╭─ RECORDS SHOWN

(* Let $(X,\le,\to,\rightsquigarrow,0,1)$ be a bounded sup-commutative pseudo BCK-algebra and let $(\exists,\forall)$ be a pair of strong synchronized maps on $X$ such that $\exists$ is a weak existential quantifier (equivalently, $\forall$ is a weak universal quantifier). Then $\forall(x\wedge y)=\forall x\wedge\forall y$ and $\exists(x\vee y)=\exists x\vee\exists y$ for all $x,y\in X$.
   Context: A quantum B-algebra is a partially ordered set $(X,\le)$ with two binary operations $\to$ and $\rightsquigarrow$ such that for all $x,y,z\in X$: $y\to z\le (x\to y)\to(x\to z)$; $y\rightsquigarrow z\le (x\rightsquigarrow y)\to(x\rightsquigarrow z)$; $y\le z$ implies $x\to y\le x\to z$; and $x\le y\to z$ iff $y\le x\rightsquigarrow z$. A bounded pseudo BCK-algebra $(X,\le,\to,\rightsquigarrow,0,1)$ is a quantum B-algebra with a greatest element $1$ satisfying $1\to x=1\rightsquigarrow x=x$ and a least element $0$; then $x\le y$ iff $x\to y=1$ iff $x\rightsquigarrow y=1$. It is sup-commutative if $(x\to y)\rightsquigarrow y=(y\to x)\rightsquigarrow x$ and $(x\rightsquigarrow y)\to y=(y\rightsquigarrow x)\to x$ for all $x,y$. Write $x^{-}=x\to 0$, $x^{\sim}=x\rightsquigarrow 0$; a bounded sup-commutative pseudo BCK-algebra satisfies $(x^{-})^{\sim}=(x^{\sim})^{-}=x$, and $(X,\le)$ is a lattice with $x\vee y=(x\to y)\rightsquigarrow y=(x\rightsquigarrow y)\to y$ and $x\wedge y=(x^{-}\vee y^{-})^{\sim}=(x^{\sim}\vee y^{\sim})^{-}$. Define $x\odot y=(x\to y^{-})^{\sim}$ and $x\oplus y=y^{\sim}\to x$ $(=x^{-}\rightsquigarrow y)$. A map $\tau:X\to X$ is good if $(\tau(x^{-}))^{\sim}=(\tau(x^{\sim}))^{-}$ for all $x$; good maps $\tau,\sigma$ are synchronized if $\sigma(x)=(\tau(x^{-}))^{\sim}=(\tau(x^{\sim}))^{-}$ for all $x$; strong synchronized if moreover $\tau\circ\sigma=\sigma$ (equivalently $\sigma\circ\tau=\tau$). A good map $\exists$ is a weak existential quantifier if for all $x,y$: $\exists 0=0$; $\exists 1=1$; $x\le\exists x$; $\exists(x\oplus\exists y)=\exists(\exists x\oplus y)=\exists x\oplus\exists y$; $\exists(x\oplus x)=\exists x\oplus\exists x$; $\exists(x\odot\exists y)=\exists(\exists x\odot y)=\exists x\odot\exists y$. A good map $\forall$ is a weak universal quantifier if for all $x,y$: $\forall 1=1$; $\forall 0=0$; $\forall x\le x$; $\forall(x\odot\forall y)=\forall(\forall x\odot y)=\forall x\odot\forall y$; $\forall(x\odot x)=\forall x\odot\forall x$; $\forall(x\oplus\forall y)=\forall(\forall x\oplus y)=\forall x\oplus\forall y$. *)

theory Defs
  imports Main
begin

text \<open>A quantum B-algebra on the whole type 'a, with partial order le,
  arrows imp (\<rightarrow>) and imp2 (the squiggly arrow).\<close>
definition quantum_B_algebra ::
  "('a \<Rightarrow> 'a \<Rightarrow> bool) \<Rightarrow> ('a \<Rightarrow> 'a \<Rightarrow> 'a) \<Rightarrow> ('a \<Rightarrow> 'a \<Rightarrow> 'a) \<Rightarrow> bool" where
  "quantum_B_algebra le imp imp2 \<longleftrightarrow>
     (\<forall>x. le x x) \<and>
     (\<forall>x y. le x y \<and> le y x \<longrightarrow> x = y) \<and>
     (\<forall>x y z. le x y \<and> le y z \<longrightarrow> le x z) \<and>
     (\<forall>x y z. le (imp y z) (imp (imp x y) (imp x z))) \<and>
     (\<forall>x y z. le (imp2 y z) (imp (imp2 x y) (imp2 x z))) \<and>
     (\<forall>x y z. le y z \<longrightarrow> le (imp x y) (imp x z)) \<and>
     (\<forall>x y z. le x (imp y z) \<longleftrightarrow> le y (imp2 x z))"

definition bounded_pseudo_BCK ::
  "('a \<Rightarrow> 'a \<Rightarrow> bool) \<Rightarrow> ('a \<Rightarrow> 'a \<Rightarrow> 'a) \<Rightarrow> ('a \<Rightarrow> 'a \<Rightarrow> 'a) \<Rightarrow> 'a \<Rightarrow> 'a \<Rightarrow> bool" where
  "bounded_pseudo_BCK le imp imp2 zero one \<longleftrightarrow>
     quantum_B_algebra le imp imp2 \<and>
     (\<forall>x. le x one) \<and> (\<forall>x. imp one x = x \<and> imp2 one x = x) \<and>
     (\<forall>x. le zero x)"

definition sup_commutative ::
  "('a \<Rightarrow> 'a \<Rightarrow> 'a) \<Rightarrow> ('a \<Rightarrow> 'a \<Rightarrow> 'a) \<Rightarrow> bool" where
  "sup_commutative imp imp2 \<longleftrightarrow>
     (\<forall>x y. imp2 (imp x y) y = imp2 (imp y x) x \<and>
            imp (imp2 x y) y = imp (imp2 y x) x)"

definition neg1 :: "('a \<Rightarrow> 'a \<Rightarrow> 'a) \<Rightarrow> 'a \<Rightarrow> 'a \<Rightarrow> 'a" where
  "neg1 imp zero x = imp x zero"

definition neg2 :: "('a \<Rightarrow> 'a \<Rightarrow> 'a) \<Rightarrow> 'a \<Rightarrow> 'a \<Rightarrow> 'a" where
  "neg2 imp2 zero x = imp2 x zero"

definition bsup :: "('a \<Rightarrow> 'a \<Rightarrow> 'a) \<Rightarrow> ('a \<Rightarrow> 'a \<Rightarrow> 'a) \<Rightarrow> 'a \<Rightarrow> 'a \<Rightarrow> 'a" where
  "bsup imp imp2 x y = imp2 (imp x y) y"

definition binf :: "('a \<Rightarrow> 'a \<Rightarrow> 'a) \<Rightarrow> ('a \<Rightarrow> 'a \<Rightarrow> 'a) \<Rightarrow> 'a \<Rightarrow> 'a \<Rightarrow> 'a \<Rightarrow> 'a" where
  "binf imp imp2 zero x y =
     neg2 imp2 zero (bsup imp imp2 (neg1 imp zero x) (neg1 imp zero y))"

definition bodot :: "('a \<Rightarrow> 'a \<Rightarrow> 'a) \<Rightarrow> ('a \<Rightarrow> 'a \<Rightarrow> 'a) \<Rightarrow> 'a \<Rightarrow> 'a \<Rightarrow> 'a \<Rightarrow> 'a" where
  "bodot imp imp2 zero x y = neg2 imp2 zero (imp x (neg1 imp zero y))"

definition boplus :: "('a \<Rightarrow> 'a \<Rightarrow> 'a) \<Rightarrow> ('a \<Rightarrow> 'a \<Rightarrow> 'a) \<Rightarrow> 'a \<Rightarrow> 'a \<Rightarrow> 'a \<Rightarrow> 'a" where
  "boplus imp imp2 zero x y = imp (neg2 imp2 zero y) x"

definition good_map :: "('a \<Rightarrow> 'a \<Rightarrow> 'a) \<Rightarrow> ('a \<Rightarrow> 'a \<Rightarrow> 'a) \<Rightarrow> 'a \<Rightarrow> ('a \<Rightarrow> 'a) \<Rightarrow> bool" where
  "good_map imp imp2 zero t \<longleftrightarrow>
     (\<forall>x. neg2 imp2 zero (t (neg1 imp zero x)) = neg1 imp zero (t (neg2 imp2 zero x)))"

definition synchronized ::
  "('a \<Rightarrow> 'a \<Rightarrow> 'a) \<Rightarrow> ('a \<Rightarrow> 'a \<Rightarrow> 'a) \<Rightarrow> 'a \<Rightarrow> ('a \<Rightarrow> 'a) \<Rightarrow> ('a \<Rightarrow> 'a) \<Rightarrow> bool" where
  "synchronized imp imp2 zero \<tau> \<sigma> \<longleftrightarrow>
     good_map imp imp2 zero \<tau> \<and> good_map imp imp2 zero \<sigma> \<and>
     (\<forall>x. \<sigma> x = neg2 imp2 zero (\<tau> (neg1 imp zero x)) \<and>
          \<sigma> x = neg1 imp zero (\<tau> (neg2 imp2 zero x)))"

definition strong_synchronized ::
  "('a \<Rightarrow> 'a \<Rightarrow> 'a) \<Rightarrow> ('a \<Rightarrow> 'a \<Rightarrow> 'a) \<Rightarrow> 'a \<Rightarrow> ('a \<Rightarrow> 'a) \<Rightarrow> ('a \<Rightarrow> 'a) \<Rightarrow> bool" where
  "strong_synchronized imp imp2 zero \<tau> \<sigma> \<longleftrightarrow>
     synchronized imp imp2 zero \<tau> \<sigma> \<and> \<tau> \<circ> \<sigma> = \<sigma>"

definition weak_existential ::
  "('a \<Rightarrow> 'a \<Rightarrow> bool) \<Rightarrow> ('a \<Rightarrow> 'a \<Rightarrow> 'a) \<Rightarrow> ('a \<Rightarrow> 'a \<Rightarrow> 'a) \<Rightarrow> 'a \<Rightarrow> 'a \<Rightarrow> ('a \<Rightarrow> 'a) \<Rightarrow> bool" where
  "weak_existential le imp imp2 zero one E \<longleftrightarrow>
     good_map imp imp2 zero E \<and> E zero = zero \<and> E one = one \<and>
     (\<forall>x. le x (E x)) \<and>
     (\<forall>x y. E (boplus imp imp2 zero x (E y)) = boplus imp imp2 zero (E x) (E y) \<and>
            E (boplus imp imp2 zero (E x) y) = boplus imp imp2 zero (E x) (E y)) \<and>
     (\<forall>x. E (boplus imp imp2 zero x x) = boplus imp imp2 zero (E x) (E x)) \<and>
     (\<forall>x y. E (bodot imp imp2 zero x (E y)) = bodot imp imp2 zero (E x) (E y) \<and>
            E (bodot imp imp2 zero (E x) y) = bodot imp imp2 zero (E x) (E y))"

end

theory Submission
  imports Defs
begin

text \<open>In the sup-commutative bounded case the algebra is a bounded commutative BCK-algebra in which
  \<open>x \<or> y = (x \<rightarrow> y) \<rightarrow> y\<close> is the join.  The key property of \<open>\<exists>\<close> is monotonicity, which comes
  from the \<open>\<odot>\<close>-axiom: \<open>x \<le> \<exists>y\<close> means \<open>x \<odot> (\<exists>y)\<^sup>- = 0\<close>, hence \<open>\<exists>x \<odot> (\<exists>y)\<^sup>- = 0\<close>.  Since the
  \<open>\<exists>\<close>-fixed elements are closed under \<open>\<rightarrow>\<close>, \<open>\<exists>x \<or> \<exists>y\<close> is fixed, and monotonicity makes \<open>\<exists>\<close>
  preserve joins.  The statement for \<open>\<forall>\<close> is its De Morgan dual, \<open>\<forall>x = (\<exists>x\<^sup>-)\<^sup>-\<close>.\<close>

text \<open>With \<open>x = 1\<close>, the second quantum-B-algebra axiom as formalised gives \<open>y \<rightsquigarrow> z \<le> y \<rightarrow> z\<close>;
  residuation then gives the converse, so the two arrows coincide.\<close>
lemma bounded_pseudo_BCK_imp2_eq_imp:
  assumes "bounded_pseudo_BCK le imp imp2 zero one"
  shows "imp2 = imp"
proof -
  from assms have Q: "quantum_B_algebra le imp imp2"
    and one_imp: "\<And>x. imp one x = x \<and> imp2 one x = x"
    by (auto simp: bounded_pseudo_BCK_def)
  from Q have antisym: "\<And>x y. le x y \<Longrightarrow> le y x \<Longrightarrow> x = y"
    and trans: "\<And>x y z. le x y \<Longrightarrow> le y z \<Longrightarrow> le x z"
    and refl: "\<And>x. le x x"
    and axiom2: "\<And>x y z. le (imp2 y z) (imp (imp2 x y) (imp2 x z))"
    and residuation: "\<And>x y z. le x (imp y z) \<longleftrightarrow> le y (imp2 x z)"
    unfolding quantum_B_algebra_def by blast+
  have imp2_le_imp: "le (imp2 y z) (imp y z)" for y z
    using axiom2[of y z one] one_imp by simp
  have imp_le_imp2: "le (imp x z) (imp2 x z)" for x z
  proof -
    have "le x (imp2 (imp x z) z)" using residuation refl by blast
    hence "le x (imp (imp x z) z)" using trans imp2_le_imp by blast
    thus ?thesis using residuation by blast
  qed
  show ?thesis using antisym imp2_le_imp imp_le_imp2 by (intro ext) blast
qed

locale bounded_comm_BCK =
  fixes le :: "'a \<Rightarrow> 'a \<Rightarrow> bool" and imp :: "'a \<Rightarrow> 'a \<Rightarrow> 'a" and zero one :: 'a
  assumes antisym: "\<And>x y. le x y \<Longrightarrow> le y x \<Longrightarrow> x = y"
    and trans: "\<And>x y z. le x y \<Longrightarrow> le y z \<Longrightarrow> le x z"
    and refl: "\<And>x. le x x"
    and residuation: "\<And>x y z. le x (imp y z) \<longleftrightarrow> le y (imp x z)"
    and le_one: "\<And>x. le x one"
    and one_imp: "\<And>x. imp one x = x"
    and zero_le: "\<And>x. le zero x"
    and imp_comm: "\<And>x y. imp (imp x y) y = imp (imp y x) x"
begin

abbreviation neg :: "'a \<Rightarrow> 'a" where
  "neg x \<equiv> imp x zero"

lemma le_iff_imp_eq_one: "le x y \<longleftrightarrow> imp x y = one"
proof
  assume "le x y"
  hence "le x (imp one y)" by (simp add: one_imp)
  hence "le one (imp x y)" using residuation by blast
  thus "imp x y = one" using antisym le_one by blast
next
  assume "imp x y = one"
  hence "le one (imp x y)" by (simp add: refl)
  hence "le x (imp one y)" using residuation by blast
  thus "le x y" by (simp add: one_imp)
qed

lemma imp_refl: "imp x x = one"
  using le_iff_imp_eq_one refl by blast

lemma zero_imp: "imp zero x = one"
  using le_iff_imp_eq_one zero_le by blast

lemma neg_neg: "neg (neg x) = x"
  using imp_comm[of x zero] by (simp add: zero_imp one_imp)

lemma imp_antitone: "le u v \<Longrightarrow> le (imp v c) (imp u c)"
proof -
  assume "le u v"
  moreover have "le v (imp (imp v c) c)" using residuation refl by blast
  ultimately have "le u (imp (imp v c) c)" by (rule trans)
  thus ?thesis using residuation by blast
qed

lemma join_upper1: "le x (imp (imp x y) y)"
  using residuation refl by blast

lemma join_upper2: "le y (imp (imp x y) y)"
proof -
  have "le (imp x y) (imp y y)" by (simp add: imp_refl le_one)
  thus ?thesis using residuation by blast
qed

lemma join_least: "le x z \<Longrightarrow> le y z \<Longrightarrow> le (imp (imp x y) y) z"
proof -
  assume "le x z" "le y z"
  hence "le (imp (imp x y) y) (imp (imp z y) y)" by (intro imp_antitone)
  also have "imp (imp z y) y = z"
    using imp_comm[of z y] \<open>le y z\<close> le_iff_imp_eq_one one_imp by simp
  finally show ?thesis .
qed

end

locale bounded_comm_BCK_quantifiers = bounded_comm_BCK +
  fixes E A :: "'a \<Rightarrow> 'a"
  assumes A_eq: "\<And>x. A x = neg (E (neg x))"
    and E_A: "\<And>x. E (A x) = A x"
    and E_zero: "E zero = zero"
    and le_E: "\<And>x. le x (E x)"
    and E_oplus: "\<And>x y. E (imp (neg (E y)) x) = imp (neg (E y)) (E x)"
    and E_odot: "\<And>x y. E (neg (imp x (neg (E y)))) = neg (imp (E x) (neg (E y)))"
begin

lemma E_idem: "E (E y) = E y"
  using E_oplus[where x = zero and y = y] by (simp add: E_zero neg_neg)

lemma E_neg_E: "E (neg (E z)) = neg (E z)"
  using E_A[of "neg z"] by (simp add: A_eq neg_neg)

lemma E_imp_fixed:
  assumes "E a = a" "E b = b"
  shows "E (imp a b) = imp a b"
proof -
  have "imp a b = imp (neg (E (neg a))) (E b)"
    using assms E_neg_E[of a] by (simp add: neg_neg)
  moreover have "E (imp (neg (E (neg a))) b) = imp (neg (E (neg a))) (E b)"
    by (rule E_oplus)
  ultimately show ?thesis
    using assms by (metis E_neg_E neg_neg)
qed

lemma E_mono_fixed:
  assumes "le x (E y)" shows "le (E x) (E y)"
proof -
  have "imp x (E y) = one" using assms le_iff_imp_eq_one by blast
  hence "neg (imp x (neg (E (neg (E y))))) = zero"
    by (simp add: E_neg_E neg_neg one_imp)
  hence "E (neg (imp x (neg (E (neg (E y)))))) = zero" by (simp add: E_zero)
  hence "neg (imp (E x) (neg (E (neg (E y))))) = zero" by (simp add: E_odot)
  hence "imp (E x) (E y) = one" by (metis E_neg_E neg_neg one_imp zero_imp)
  thus ?thesis using le_iff_imp_eq_one by blast
qed

lemma E_join: "E (imp (imp x y) y) = imp (imp (E x) (E y)) (E y)"
proof (rule antisym)
  let ?j = "imp (imp (E x) (E y)) (E y)"
  have fixed: "E ?j = ?j" by (simp add: E_imp_fixed E_idem)
  have "le (imp (imp x y) y) ?j"
    using join_least trans le_E join_upper1 join_upper2 by metis
  hence "le (imp (imp x y) y) (E ?j)" using fixed by simp
  hence "le (E (imp (imp x y) y)) (E ?j)" by (rule E_mono_fixed)
  thus "le (E (imp (imp x y) y)) ?j" using fixed by simp
  have "le (E x) (E (imp (imp x y) y))" by (rule E_mono_fixed, rule trans[OF join_upper1 le_E])
  moreover have "le (E y) (E (imp (imp x y) y))" by (rule E_mono_fixed, rule trans[OF join_upper2 le_E])
  ultimately show "le ?j (E (imp (imp x y) y))" by (rule join_least)
qed

lemma A_meet:
  "A (neg (imp (imp (neg x) (neg y)) (neg y))) = neg (imp (imp (neg (A x)) (neg (A y))) (neg (A y)))"
  by (simp add: A_eq neg_neg E_join)

end

theorem lemma6p4:
  fixes le :: "'a \<Rightarrow> 'a \<Rightarrow> bool"
    and imp imp2 :: "'a \<Rightarrow> 'a \<Rightarrow> 'a"
    and zero one :: 'a
    and E A :: "'a \<Rightarrow> 'a"
  assumes "bounded_pseudo_BCK le imp imp2 zero one"
    and "sup_commutative imp imp2"
    and "strong_synchronized imp imp2 zero E A"
    and "weak_existential le imp imp2 zero one E"
  shows "\<forall>x y. A (binf imp imp2 zero x y) = binf imp imp2 zero (A x) (A y) \<and>
               E (bsup imp imp2 x y) = bsup imp imp2 (E x) (E y)"
proof -
  have arrows_eq: "imp2 = imp" using assms(1) by (rule bounded_pseudo_BCK_imp2_eq_imp)
  have "bounded_comm_BCK le imp zero one"
    using assms(1,2) unfolding arrows_eq bounded_comm_BCK_def bounded_pseudo_BCK_def
      quantum_B_algebra_def sup_commutative_def by (elim conjE) (intro conjI; blast)
  moreover have "bounded_comm_BCK_quantifiers_axioms le imp zero E A"
    using assms(3,4) unfolding arrows_eq bounded_comm_BCK_quantifiers_axioms_def
    by (auto simp: strong_synchronized_def synchronized_def weak_existential_def
        boplus_def bodot_def neg1_def neg2_def fun_eq_iff)
  ultimately interpret bounded_comm_BCK_quantifiers le imp zero one E A
    by (rule bounded_comm_BCK_quantifiers.intro)
  show ?thesis
    by (simp add: arrows_eq binf_def bsup_def neg1_def neg2_def E_join A_meet)
qed

end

╰─

EXERCISE AIM
Each line of the data that contains "monotonicity" belongs in the answer.

TASK ANSWER
  \<open>x \<or> y = (x \<rightarrow> y) \<rightarrow> y\<close> is the join.  The key property of \<open>\<exists>\<close> is monotonicity, which comes
  \<open>\<exists>\<close>-fixed elements are closed under \<open>\<rightarrow>\<close>, \<open>\<exists>x \<or> \<exists>y\<close> is fixed, and monotonicity makes \<open>\<exists>\<close>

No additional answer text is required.